Filtering and decimating the audio data
Human speech typically occurs from between 20 Hz to 3 kHz however we sampled at 32 kHz so it I passed the audio through a low-pass finite impulse response (FIR) filter. I used the Xilinx FIR Compiler IP which also supports decimation so I could reduce the sample rate to 8 kHz.
Getting the phase and amplitude data
Both the localization and voice biometrics required the phase and amplitude of the audio signal. I used the Xilinx FFT LogiCOREā¢ IP block configured with four channels (one for each microphone) to operate on 512 samples which we experimentally determined to strike a balance between resource usage and accuracy.
Sound localization
The idea behind sound localization is that the phase difference between when each microphone samples the audio signal can be used to determine the direction of the sound source.

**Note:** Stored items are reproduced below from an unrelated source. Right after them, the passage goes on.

lemma satisfies_toggle: "g \<in> assignments \<Longrightarrow> satisfies A (toggle u A B g) \<longleftrightarrow> \<not> satisfies A g"
proof -
  assume g: "g \<in> assignments"
  have "A \<in> dec (toggle u A B g u) \<longleftrightarrow> A \<notin> dec (g u)"
    using dec_toggle[OF g] AB by auto
  moreover have "{v\<in>A - {u}. A \<in> dec (toggle u A B g v)} = {v\<in>A - {u}. A \<in> dec (g v)}"
    by (auto simp: toggle_def)
  ultimately have "odd (charge A (toggle u A B g)) \<longleftrightarrow> even (charge A g)"
    unfolding charge_def card_filter_remove[OF finite_edges[OF A] u(1)] by simp
  then show ?thesis
    unfolding satisfies_def by blast
qed

end

lemma krel_sat_rel:
  assumes "c \<in> C" "0 \<in> C"
  shows "krel C (\<Union>H) (sat_rel c Zs)"
  unfolding krel_def
proof (intro conjI allI impI)
  show "sat_rel c Zs t \<in> C" for t
    using assms by (simp add: sat_rel_def)
  have "{t. sat_rel c Zs t \<noteq> 0} \<subseteq> assignments"
    by (auto simp: sat_rel_def split: if_splits)
  then show "finite {t. sat_rel c Zs t \<noteq> 0}"
    using finite_assignments by (rule finite_subset)
  show "t \<in> extensional (\<Union>H)" if "sat_rel c Zs t \<noteq> 0" for t
    using that by (auto simp: sat_rel_def assignments_iff split: if_splits)
qed

lemma marg_sat_rel:
  "marg (sat_rel c Zs) Y t = (\<Sum>g | g \<in> assignments \<and> (\<forall>Z\<in>Zs. satisfies Z g) \<and> restrict g Y = t. c)"
proof -
  let ?S = "{g \<in> assignments. \<forall>Z\<in>Zs. satisfies Z g}"
  have "{g. sat_rel c Zs g \<noteq> 0} \<subseteq> ?S"
    by (auto simp: sat_rel_def split: if_splits)
  then have "marg (sat_rel c Zs) Y t = (\<Sum>g | g \<in> ?S \<and> restrict g Y = t. sat_rel c Zs g)"
    unfolding marg_eq_pushforward using finite_assignments by (intro pushforward_eq_sum) auto
  also have "\<dots> = (\<Sum>g | g \<in> assignments \<and> (\<forall>Z\<in>Zs. satisfies Z g) \<and> restrict g Y = t. c)"
    by (intro sum.cong) (auto simp: sat_rel_def)
  finally show ?thesis .
qed

lemma marg_sat_rel_pair:
  assumes A: "A \<in> H" and B: "B \<in> H" "B \<noteq> A" and not_ear: "\<not> is_ear H B A"
  shows "marg (sat_rel (c + c) {A, B}) A = marg (sat_rel c {A}) A"
proof
  fix t
  obtain u E where u: "u \<in> B" "u \<notin> A" and E: "E \<in> H" "E \<noteq> B" "u \<in> E"
    using not_ear A B unfolding is_ear_def by blast
  define All where "All = {g. g \<in> assignments \<and> satisfies A g \<and> restrict g A = t}"
  define Good where "Good = {g \<in> All. satisfies B g}"
  define Bad where "Bad = {g \<in> All. \<not> satisfies B g}"
  \<comment> \<open>toggling at \<open>u\<close> is an involution that flips the satisfaction of \<open>B\<close> and fixes \<open>A\<close>\<close>
  let ?f = "toggle u B E"
  have f_A: "?f g v = g v" if "v \<in> A" for g v
    using that u(2) by (auto simp: toggle_def)
  then have "restrict (?f g) A = restrict g A" "satisfies A (?f g) \<longleftrightarrow> satisfies A g" for g
    by (auto simp: restrict_def intro!: satisfies_cong)
  then have "?f ` Good \<subseteq> Bad" "?f ` Bad \<subseteq> Good"
    unfolding Good_def Bad_def All_def
    using toggle_in_assignments[OF B(1) E(1) E(2)[symmetric] u(1) E(3)]
      satisfies_toggle[OF B(1) E(1) E(2)[symmetric] u(1) E(3)] by auto
  moreover have "?f (?f g) = g" if "g \<in> All" for g
    using that toggle_toggle[OF B(1) E(1) E(2)[symmetric] u(1) E(3)] by (simp add: All_def)
  ultimately have "bij_betw ?f Good Bad"
    by (intro bij_betw_byWitness[where f' = ?f]) (auto simp: Good_def Bad_def)
  have "finite All"
    unfolding All_def by (rule finite_subset[OF _ finite_assignments]) blast
  have "marg (sat_rel (c + c) {A, B}) A t = (\<Sum>g\<in>Good. c + c)"
    unfolding marg_sat_rel Good_def All_def by (intro sum.cong) auto
  also have "\<dots> = (\<Sum>g\<in>Good. c) + (\<Sum>g\<in>Bad. c)"
    using sum.reindex_bij_betw[OF \<open>bij_betw ?f Good Bad\<close>, of "\<lambda>_. c"] by (simp add: sum.distrib)
  also have "\<dots> = (\<Sum>g\<in>All. c)"
    using \<open>finite All\<close> by (subst sum.union_disjoint[symmetric]) (auto simp: Good_def Bad_def intro!: sum.cong)
  also have "\<dots> = marg (sat_rel c {A}) A t"
    unfolding marg_sat_rel All_def by (intro sum.cong) auto
  finally show "marg (sat_rel (c + c) {A, B}) A t = marg (sat_rel c {A}) A t" .
qed
lemma not_integrable_on_halfline_if_bounded_below:
  fixes F :: "real \<Rightarrow> real"
  assumes "e > 0" and bound: "\<And>t. t \<ge> 0 \<Longrightarrow> F t \<ge> e"
  shows "\<not> F integrable_on {0..}"
proof
  assume int: "F integrable_on {0..}"
  obtain n :: nat where n: "real n * e > integral {0..} F"
    using reals_Archimedean3[OF \<open>e > 0\<close>] by blast
  have int_n: "F integrable_on {0..real n}"
    by (rule integrable_on_subinterval[OF int]) auto
  have "real n * e = integral {0..real n} (\<lambda>_. e)"
    by simp
  also have "\<dots> \<le> integral {0..real n} F"
    by (rule integral_le) (use int_n bound in auto)
  also have "\<dots> \<le> integral {0..} F"
    by (rule integral_subset_le)
      (use int int_n bound \<open>e > 0\<close> in \<open>auto intro: order_trans[of 0 e] less_imp_le\<close>)
  finally show False
    using n by simp
qed

definition root_combination :: "(nat \<Rightarrow> real \<Rightarrow> complex) \<Rightarrow> complex \<Rightarrow> real \<Rightarrow> complex" where
  "root_combination D r t = (\<Sum>j<4. r ^ (3 - j) * D j t)"

lemma root_combination_eq:
  "root_combination D r t = D 3 t + r * D 2 t + r\<^sup>2 * D 1 t + r ^ 3 * D 0 t"
  by (simp add: root_combination_def eval_nat_numeral)

lemma root_combination_has_vector_derivative:
  assumes "H4_halfline D" and eigen: "D 4 t = r ^ 4 * D 0 t" and "t \<ge> 0"
  shows "(root_combination D r has_vector_derivative r * root_combination D r t) (at t within {0..})"
proof -
  have "(D j has_vector_derivative D (Suc j) t) (at t within {0..})" if "j < 4" for j
    using assms that unfolding H4_halfline_def by blast
  from this[of 0] this[of 1] this[of 2] this[of 3]
  have "(root_combination D r has_vector_derivative
          D 4 t + r * D 3 t + r\<^sup>2 * D 2 t + r ^ 3 * D 1 t) (at t within {0..})"
    unfolding root_combination_eq[abs_def]
    by (intro has_vector_derivative_add has_vector_derivative_mult_right)
       (simp_all add: eval_nat_numeral)
  then show ?thesis
    using eigen by (simp add: root_combination_eq algebra_simps eval_nat_numeral)
qed
(* For every integer $q>2$, $\mathrm{Inn}(Q_2(T_{2,q}\cup A))\cong D_{2q/\gcd(2,q)}$ and $\mathrm{Trans}(Q_2(T_{2,q}\cup A))\cong D_q$.
   Context: A quandle is a set $Q$ with binary operations $\rhd$, $\rhd^{-1}$ satisfying $x\rhd x=x$, $(x\rhd y)\rhd^{-1}y=x=(x\rhd^{-1}y)\rhd y$, and $(x\rhd y)\rhd z=(x\rhd z)\rhd(y\rhd z)$; write $x^y=x\rhd y$. For $x\in Q$ the point symmetry $S_x:Q\to Q$ is $S_x(y)=y\rhd x$. $\mathrm{Inn}(Q)$ is the subgroup of the automorphism group generated by all $S_x$, and $\mathrm{Trans}(Q)$ is the subgroup generated by all products $S_xS_y^{-1}$. A quandle is involutory if $(x^y)^y=x$ for all $x,y$. The fundamental quandle of a link is presented from a diagram by one generator per arc and a relation $x_i=x_k^{x_j}$ at each crossing (over-arc $x_j$); the involutory quandle $Q_2(L)$ is its quotient by the relations $x^{yy}=x$ for all pairs of generators, and it is independent of orientation. $T_{2,q}$ is the $(2,q)$ torus link (two strands with $q$ right-handed half twists) lying on an unknotted torus $F\subset S^3$; $T_{2,q}\cup A$ is obtained by adjoining an axis $A$, the core of the solid torus bounded by $F$ around which $T_{2,q}$ winds twice, so that $A$ has linking number $2$ with $T_{2,q}$. $D_m$ denotes the dihedral group of order $2m$. *)

theory Defs
  imports "HOL-Algebra.Algebra"
begin

text \<open>Terms in the quandle signature: generators, the operation x \<rhd> y (Rt x y)
  and its inverse x \<rhd>^-1 y (RtInv x y).\<close>

datatype 'g qterm = Gen 'g | Rt "'g qterm" "'g qterm" | RtInv "'g qterm" "'g qterm"

fun qgens :: "'g qterm \<Rightarrow> 'g set" where
  "qgens (Gen g) = {g}"
| "qgens (Rt x y) = qgens x \<union> qgens y"
| "qgens (RtInv x y) = qgens x \<union> qgens y"

definition qterms :: "'g set \<Rightarrow> 'g qterm set" where
  "qterms G = {t. qgens t \<subseteq> G}"

inductive qcong :: "'g set \<Rightarrow> ('g qterm \<times> 'g qterm) set \<Rightarrow> 'g qterm \<Rightarrow> 'g qterm \<Rightarrow> bool"
  for G R where
  refl: "t \<in> qterms G \<Longrightarrow> qcong G R t t"
| sym: "qcong G R s t \<Longrightarrow> qcong G R t s"
| trans: "qcong G R s t \<Longrightarrow> qcong G R t u \<Longrightarrow> qcong G R s u"
| rel: "(s, t) \<in> R \<Longrightarrow> s \<in> qterms G \<Longrightarrow> t \<in> qterms G \<Longrightarrow> qcong G R s t"
| idem: "x \<in> qterms G \<Longrightarrow> qcong G R (Rt x x) x"
| inv1: "x \<in> qterms G \<Longrightarrow> y \<in> qterms G \<Longrightarrow> qcong G R (RtInv (Rt x y) y) x"
| inv2: "x \<in> qterms G \<Longrightarrow> y \<in> qterms G \<Longrightarrow> qcong G R (Rt (RtInv x y) y) x"
| dist: "x \<in> qterms G \<Longrightarrow> y \<in> qterms G \<Longrightarrow> z \<in> qterms G \<Longrightarrow>
          qcong G R (Rt (Rt x y) z) (Rt (Rt x z) (Rt y z))"
| cong_Rt: "qcong G R x x' \<Longrightarrow> qcong G R y y' \<Longrightarrow> qcong G R (Rt x y) (Rt x' y')"
| cong_RtInv: "qcong G R x x' \<Longrightarrow> qcong G R y y' \<Longrightarrow> qcong G R (RtInv x y) (RtInv x' y')"

definition qclass :: "'g set \<Rightarrow> ('g qterm \<times> 'g qterm) set \<Rightarrow> 'g qterm \<Rightarrow> 'g qterm set" where
  "qclass G R t = {s. qcong G R t s}"

definition pres_carrier :: "'g set \<Rightarrow> ('g qterm \<times> 'g qterm) set \<Rightarrow> 'g qterm set set" where
  "pres_carrier G R = qclass G R ` qterms G"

First I took the 512 calculated FFT coefficients and discarded the upper 256. By the Nyquist-Shannon sampling theorem only the lower 256 were usable. Then I convert all the coefficents from rectangular form to polar form.
Then for each frequnecy I did the following process
- Calculate the phase difference between the central microphone and the other microphones
- Scale each of the peripheral microphones by the phase difference and the amplitude at the central microphone
- Sum the scaled locations
- Assign the resulting direction vector to one of 16 bins
Once all the 256 frequencies have been processed the bin with the greatest magnitude is the direction of the sound source.
Motor control
Servo Motor Contro
To test sound localization I generated PWM signals to control a serve motor. I mapped each bin to a different duty cycle and the servo would move to that angle.
DC Motor Control
Initally, I tried to use continuous servos to move the robot. However, these motors generated enough noise to interfere with the localization module. Instead, two Adafruit DC Gearbox TT Motors were used, these have three ports: IN1, IN2, and EN. IN1 and IN2 control the direction of the motor and were always set to low and high respectively, as the motors only moved clockwise. EN controlled whether the motor is enabled. I generated a PWM signal for the EN pin to vary the motor speed. I choose 20 kHz to not interfere with localization or voice biometrics.